A Conversation Starter on Negative Rates and Yields

8 min read
October 10, 2019

While negative policy rates and negative yielding bonds are still somewhat of a recent phenomenon, the amount of negative yielding debt has been growing over the last few years, and the concept is rather counterintuitive (and not surprising, there are many different opinions on what comes next). In this blog, we dive into multiple aspects of this phenomenon to help start the conversation.
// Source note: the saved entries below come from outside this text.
text \<open>
  The map S1 is always onto K': the map F2, which closes a fuzzy set of objects using only the
  attributes in Y', is a right inverse of it. Hence being a reduct amounts to S1 being injective
  and isometric on K.

  Reducibility of Y - Y' says exactly that every closed set \<mu> \<in> K is of the form
  down X Y' \<kappa>, and for such \<mu> the map S1 is just restriction to X'. Reducibility of X - X'
  says exactly that up \<mu> is already generated by the objects in X'; then \<mu> is the closure of its
  restriction to X', which gives injectivity, and the fuzzy Galois identity
  L^X(\<mu>, down \<kappa>) = L^Y(up \<mu>, \<kappa>) transports the L-order from X to Y and back to X'.
  Conversely, injectivity of S1 forces \<mu> = F2 (S1 \<mu>) and identifies \<mu> with the closure of its
  restriction to X', which are the two reducibility conditions.
\<close>

locale complete_residuated =
  fixes mult res :: "'l::complete_lattice \<Rightarrow> 'l \<Rightarrow> 'l"
  assumes crl: "complete_residuated_lattice mult res"
begin

lemma adjoint: "mult a b \<le> c \<longleftrightarrow> a \<le> res b c"
  using crl unfolding complete_residuated_lattice_def by blast

lemma mult_commute: "mult a b = mult b a"
  using crl unfolding complete_residuated_lattice_def by blast

lemma mult_assoc: "mult (mult a b) c = mult a (mult b c)"
  using crl unfolding complete_residuated_lattice_def by blast

lemma mult_SUP: "mult a (SUP i\<in>I. f i) = (SUP i\<in>I. mult a (f i))"
  using crl unfolding complete_residuated_lattice_def by (simp add: image_image)

lemma mult_bot_left: "mult bot a = bot"
  using mult_SUP[of a id "{}"] mult_commute[of bot a] by simp

lemma mult_mono_left: "a \<le> b \<Longrightarrow> mult a c \<le> mult b c"
  using mult_SUP[of c id "{a, b}"] by (simp add: mult_commute sup_absorb2 le_iff_sup)

lemma res_mono: "b \<le> c \<Longrightarrow> res a b \<le> res a c"
  by (meson adjoint order.refl order.trans)

lemma res_top: "res a top = top"
  using adjoint[of top a top] by (simp add: top_unique)

lemma res_INF: "res a (INF i\<in>I. f i) = (INF i\<in>I. res a (f i))"
proof -
  have "z \<le> res a (INF i\<in>I. f i) \<longleftrightarrow> z \<le> (INF i\<in>I. res a (f i))" for z
    by (simp add: adjoint[symmetric] le_INF_iff)
  then show ?thesis by (metis order.antisym order.refl)
qed

lemma res_SUP: "res (SUP i\<in>I. f i) c = (INF i\<in>I. res (f i) c)"
proof -
  have "z \<le> res (SUP i\<in>I. f i) c \<longleftrightarrow> z \<le> (INF i\<in>I. res (f i) c)" for z
    by (simp add: adjoint[symmetric] mult_SUP SUP_le_iff le_INF_iff)
  then show ?thesis by (metis order.antisym order.refl)
qed

lemma res_res: "res a (res b c) = res (mult a b) c"
proof -
  have "z \<le> res a (res b c) \<longleftrightarrow> z \<le> res (mult a b) c" for z
    by (simp add: adjoint[symmetric] mult_assoc)
  then show ?thesis by (metis order.antisym order.refl)
qed

lemma up_Lfun: "up mult X Y \<phi> \<mu> \<in> Lfun Y"
  by (simp add: Lfun_def up_def)

lemma down_Lfun: "down res X Y \<phi> \<kappa> \<in> Lfun X"
  by (simp add: Lfun_def down_def)

lemma restr_Lfun: "restr X \<mu> \<in> Lfun X"
  by (simp add: Lfun_def restr_def)

lemma up_restr:
  assumes "X' \<subseteq> X"
  shows "up mult X Y \<phi> (restr X' \<mu>) = up mult X' Y \<phi> \<mu>"
proof -
  have eq: "(SUP x\<in>X. mult (restr X' \<mu> x) (\<phi> x y)) = (SUP x\<in>X'. mult (\<mu> x) (\<phi> x y))" for y
  proof -
    have "X = X' \<union> (X - X')" using assms by blast
    then have "(SUP x\<in>X. mult (restr X' \<mu> x) (\<phi> x y))
        = sup (SUP x\<in>X'. mult (restr X' \<mu> x) (\<phi> x y)) (SUP x\<in>X - X'. mult (restr X' \<mu> x) (\<phi> x y))"
      by (simp only: SUP_union[symmetric])
    moreover have "(SUP x\<in>X'. mult (restr X' \<mu> x) (\<phi> x y)) = (SUP x\<in>X'. mult (\<mu> x) (\<phi> x y))"
      by (rule SUP_cong) (simp_all add: restr_def)
    moreover have "(SUP x\<in>X - X'. mult (restr X' \<mu> x) (\<phi> x y)) = bot"
      by (simp add: restr_def mult_bot_left)
    ultimately show ?thesis by simp
  qed
  show ?thesis unfolding up_def eq ..
qed
(* Let $\rho:(0,\infty)\to(0,\infty)$ be continuous with $\int_0^\infty\rho(r)(1\wedge r^2)r^{d-1}dr<\infty$ and $\int_0^1r^{d-1}\rho(r)^{-1}dr<\infty$. Let $\gamma(r):=\inf_{0<s\le r+1}\rho(s)$ for $r>0$, and assume $\gamma(r)>0$ for all $r>0$ and $\int_{\{|x|>1\}}\frac{e^{-2V(x)}}{\gamma(|x|)}dx<\infty$. Suppose there is $\alpha_0\in(0,1)$ with $$\int_1^\infty r^{d+\alpha_0-1}\rho(r)dr<\infty\quad\text{and}\quad\limsup_{|x|\to\infty}\frac{\sup_{|z|\ge|x|}e^{-V(z)}}{\gamma(|x|)|x|^{\alpha_0}}=0.$$ Then there is $C_1>0$ such that for all $f\in C_b^\infty(\mathbb R^d)$, $$\int\big(f(x)-\mu_V(f)\big)^2e^{V(x)}\gamma(|x|)\,\mu_V(dx)\le C_1D_{\rho,V}(f,f).$$
   Context: Let $d\ge1$. $V:\mathbb R^d\to\mathbb R$ is a locally bounded measurable function such that $e^{-V}$ is bounded and $\int e^{-V(x)}dx<\infty$; $\mu_V(dx)=\frac{e^{-V(x)}}{\int e^{-V(y)}dy}dx$, $\mu_V(f)=\int f\,d\mu_V$. $C_b^\infty$ denotes smooth functions bounded with all derivatives. $D_{\rho,V}(f,f):=\frac12\iint(f(y)-f(x))^2\rho(|x-y|)\,dy\,\mu_V(dx)$. *)

theory Defs
  imports "HOL-Analysis.Analysis"
begin

text \<open>C_b^infinity: smooth functions which are bounded together with all their
  (partial) derivatives.  g bs is the iterated partial derivative of f along the
  basis directions in the list bs (the head of the list is the last derivative taken).\<close>
definition Cb_inf :: "('a::euclidean_space \<Rightarrow> real) set" where
  "Cb_inf = {f. \<exists>g :: 'a list \<Rightarrow> 'a \<Rightarrow> real.
      g [] = f \<and>
      (\<forall>bs b x. set bs \<subseteq> Basis \<longrightarrow> b \<in> Basis \<longrightarrow>
          ((\<lambda>t. g bs (x + t *\<^sub>R b)) has_real_derivative g (b # bs) x) (at 0)) \<and>
      (\<forall>bs. set bs \<subseteq> Basis \<longrightarrow> continuous_on UNIV (g bs) \<and> bounded (range (g bs)))}"

definition ZV :: "('a::euclidean_space \<Rightarrow> real) \<Rightarrow> real" where
  "ZV V = (\<integral>y. exp (- V y) \<partial>lborel)"

definition muV :: "('a::euclidean_space \<Rightarrow> real) \<Rightarrow> 'a measure" where
  "muV V = density lborel (\<lambda>x. ennreal (exp (- V x) / ZV V))"

definition muV_int :: "('a::euclidean_space \<Rightarrow> real) \<Rightarrow> ('a \<Rightarrow> real) \<Rightarrow> real" where
  "muV_int V f = (\<integral>x. f x \<partial>muV V)"

definition Dform :: "(real \<Rightarrow> real) \<Rightarrow> ('a::euclidean_space \<Rightarrow> real) \<Rightarrow> ('a \<Rightarrow> real) \<Rightarrow> ennreal" where
  "Dform \<rho> V f = (1/2) * (\<integral>\<^sup>+x. (\<integral>\<^sup>+y. ennreal ((f y - f x)\<^sup>2 * \<rho> (norm (x - y))) \<partial>lborel) \<partial>muV V)"

definition gammaf :: "(real \<Rightarrow> real) \<Rightarrow> real \<Rightarrow> real" where
  "gammaf \<rho> r = Inf {\<rho> s | s. 0 < s \<and> s \<le> r + 1}"

end

theory Submission
  imports Defs
begin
Let’s start with some numbers

According to Bloomberg, as of August 30, 2019 there was in excess of $17T in negative yielding debt globally, which they cite as 30% of all investment grade securities1.

How did we get here?

Negative rates really started with various non-US central banks as they attempted to jumpstart their flagging economies after the Great Recession. The idea went something like this: central banks would penalize banks for holding their deposits (i.e. setting negative policy rates); banks would lend out the money rather than be charged; the borrowers would spend the money; leading to economic growth and inflation. The reality, however, has been different as negative policy rates have not created the expected pickup in economic activity (could their economies be worse off without the negative rates?). In fact, no country that has set negative policy rates has moved away from them. One could suggest it is a growing issue as governments/lenders/consumers become accustomed to negative rates and the amount of negative yielding debt continues to grow, and now includes corporate debt as well as sovereign debt.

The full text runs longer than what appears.